_ASSIGNMENT_
Look through the data for the string "noteq". Copy every line where it is found.

*** Begin section ***

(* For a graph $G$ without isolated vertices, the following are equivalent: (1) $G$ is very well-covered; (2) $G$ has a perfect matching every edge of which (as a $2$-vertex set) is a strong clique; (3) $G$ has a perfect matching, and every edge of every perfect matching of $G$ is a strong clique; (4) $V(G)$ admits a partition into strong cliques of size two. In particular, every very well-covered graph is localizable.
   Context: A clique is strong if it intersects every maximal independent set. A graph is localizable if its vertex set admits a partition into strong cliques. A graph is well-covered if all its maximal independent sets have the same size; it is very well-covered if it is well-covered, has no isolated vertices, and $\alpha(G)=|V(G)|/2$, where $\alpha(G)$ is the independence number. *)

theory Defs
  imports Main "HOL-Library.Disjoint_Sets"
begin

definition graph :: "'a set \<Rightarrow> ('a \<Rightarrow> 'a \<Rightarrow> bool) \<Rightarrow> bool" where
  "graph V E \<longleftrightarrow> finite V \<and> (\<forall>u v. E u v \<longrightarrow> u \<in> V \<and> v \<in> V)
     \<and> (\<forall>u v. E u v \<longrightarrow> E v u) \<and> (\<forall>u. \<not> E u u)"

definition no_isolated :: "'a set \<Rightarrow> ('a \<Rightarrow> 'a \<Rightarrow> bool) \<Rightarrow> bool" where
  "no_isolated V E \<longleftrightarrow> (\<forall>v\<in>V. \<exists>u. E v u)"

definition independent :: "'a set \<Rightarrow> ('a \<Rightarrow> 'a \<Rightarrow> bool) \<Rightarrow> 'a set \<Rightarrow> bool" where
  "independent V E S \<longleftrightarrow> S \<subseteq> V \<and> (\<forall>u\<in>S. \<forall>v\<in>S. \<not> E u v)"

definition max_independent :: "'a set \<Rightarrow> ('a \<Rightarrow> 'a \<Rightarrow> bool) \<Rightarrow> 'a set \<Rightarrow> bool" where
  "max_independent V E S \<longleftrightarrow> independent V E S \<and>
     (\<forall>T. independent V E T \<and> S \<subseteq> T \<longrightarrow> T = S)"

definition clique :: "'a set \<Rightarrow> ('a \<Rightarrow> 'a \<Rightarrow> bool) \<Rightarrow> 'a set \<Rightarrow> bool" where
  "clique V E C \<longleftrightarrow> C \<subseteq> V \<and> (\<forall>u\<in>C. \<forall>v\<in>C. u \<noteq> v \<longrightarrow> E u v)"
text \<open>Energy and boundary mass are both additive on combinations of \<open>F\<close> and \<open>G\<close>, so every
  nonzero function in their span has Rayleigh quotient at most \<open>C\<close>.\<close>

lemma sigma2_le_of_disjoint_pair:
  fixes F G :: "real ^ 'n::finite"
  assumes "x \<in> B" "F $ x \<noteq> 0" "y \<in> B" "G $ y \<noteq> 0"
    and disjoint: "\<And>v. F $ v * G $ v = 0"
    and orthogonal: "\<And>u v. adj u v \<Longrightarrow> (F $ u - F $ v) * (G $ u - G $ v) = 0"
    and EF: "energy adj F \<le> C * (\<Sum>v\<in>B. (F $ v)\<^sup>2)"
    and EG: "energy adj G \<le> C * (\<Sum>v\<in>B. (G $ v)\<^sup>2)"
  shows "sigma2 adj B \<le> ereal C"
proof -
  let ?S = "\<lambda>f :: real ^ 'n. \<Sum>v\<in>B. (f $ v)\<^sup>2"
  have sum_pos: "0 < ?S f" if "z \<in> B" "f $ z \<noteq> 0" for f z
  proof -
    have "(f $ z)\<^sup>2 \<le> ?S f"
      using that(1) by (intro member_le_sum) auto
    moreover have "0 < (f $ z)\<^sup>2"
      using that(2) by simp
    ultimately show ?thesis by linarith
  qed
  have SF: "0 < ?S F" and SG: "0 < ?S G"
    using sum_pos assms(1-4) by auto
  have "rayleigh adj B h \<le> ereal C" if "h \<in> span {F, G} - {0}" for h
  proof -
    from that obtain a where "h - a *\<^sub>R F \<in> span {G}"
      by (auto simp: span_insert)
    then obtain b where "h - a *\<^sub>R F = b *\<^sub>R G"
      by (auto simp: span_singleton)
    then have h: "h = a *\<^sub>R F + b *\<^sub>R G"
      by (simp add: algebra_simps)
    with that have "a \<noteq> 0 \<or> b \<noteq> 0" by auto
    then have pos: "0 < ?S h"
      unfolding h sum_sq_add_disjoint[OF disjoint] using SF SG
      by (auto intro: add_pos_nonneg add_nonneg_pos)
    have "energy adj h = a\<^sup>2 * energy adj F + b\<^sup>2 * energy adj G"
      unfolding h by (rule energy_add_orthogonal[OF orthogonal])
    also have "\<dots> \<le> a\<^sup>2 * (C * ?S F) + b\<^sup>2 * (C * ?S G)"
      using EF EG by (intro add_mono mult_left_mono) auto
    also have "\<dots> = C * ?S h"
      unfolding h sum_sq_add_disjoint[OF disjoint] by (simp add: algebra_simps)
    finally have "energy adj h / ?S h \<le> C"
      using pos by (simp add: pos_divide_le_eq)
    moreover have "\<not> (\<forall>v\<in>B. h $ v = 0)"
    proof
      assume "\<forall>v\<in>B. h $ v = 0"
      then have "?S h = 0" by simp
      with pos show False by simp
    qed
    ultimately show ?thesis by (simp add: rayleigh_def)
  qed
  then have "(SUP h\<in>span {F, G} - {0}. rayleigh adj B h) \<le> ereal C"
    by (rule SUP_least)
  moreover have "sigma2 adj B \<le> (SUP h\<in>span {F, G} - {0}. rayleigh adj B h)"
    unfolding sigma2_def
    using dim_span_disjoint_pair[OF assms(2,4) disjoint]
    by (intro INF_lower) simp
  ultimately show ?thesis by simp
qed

*** End section ***

_EXERCISE SOLUTION_
  "clique V E C \<longleftrightarrow> C \<subseteq> V \<and> (\<forall>u\<in>C. \<forall>v\<in>C. u \<noteq> v \<longrightarrow> E u v)"
  assumes "x \<in> B" "F $ x \<noteq> 0" "y \<in> B" "G $ y \<noteq> 0"
  have sum_pos: "0 < ?S f" if "z \<in> B" "f $ z \<noteq> 0" for f z
    with that have "a \<noteq> 0 \<or> b \<noteq> 0" by auto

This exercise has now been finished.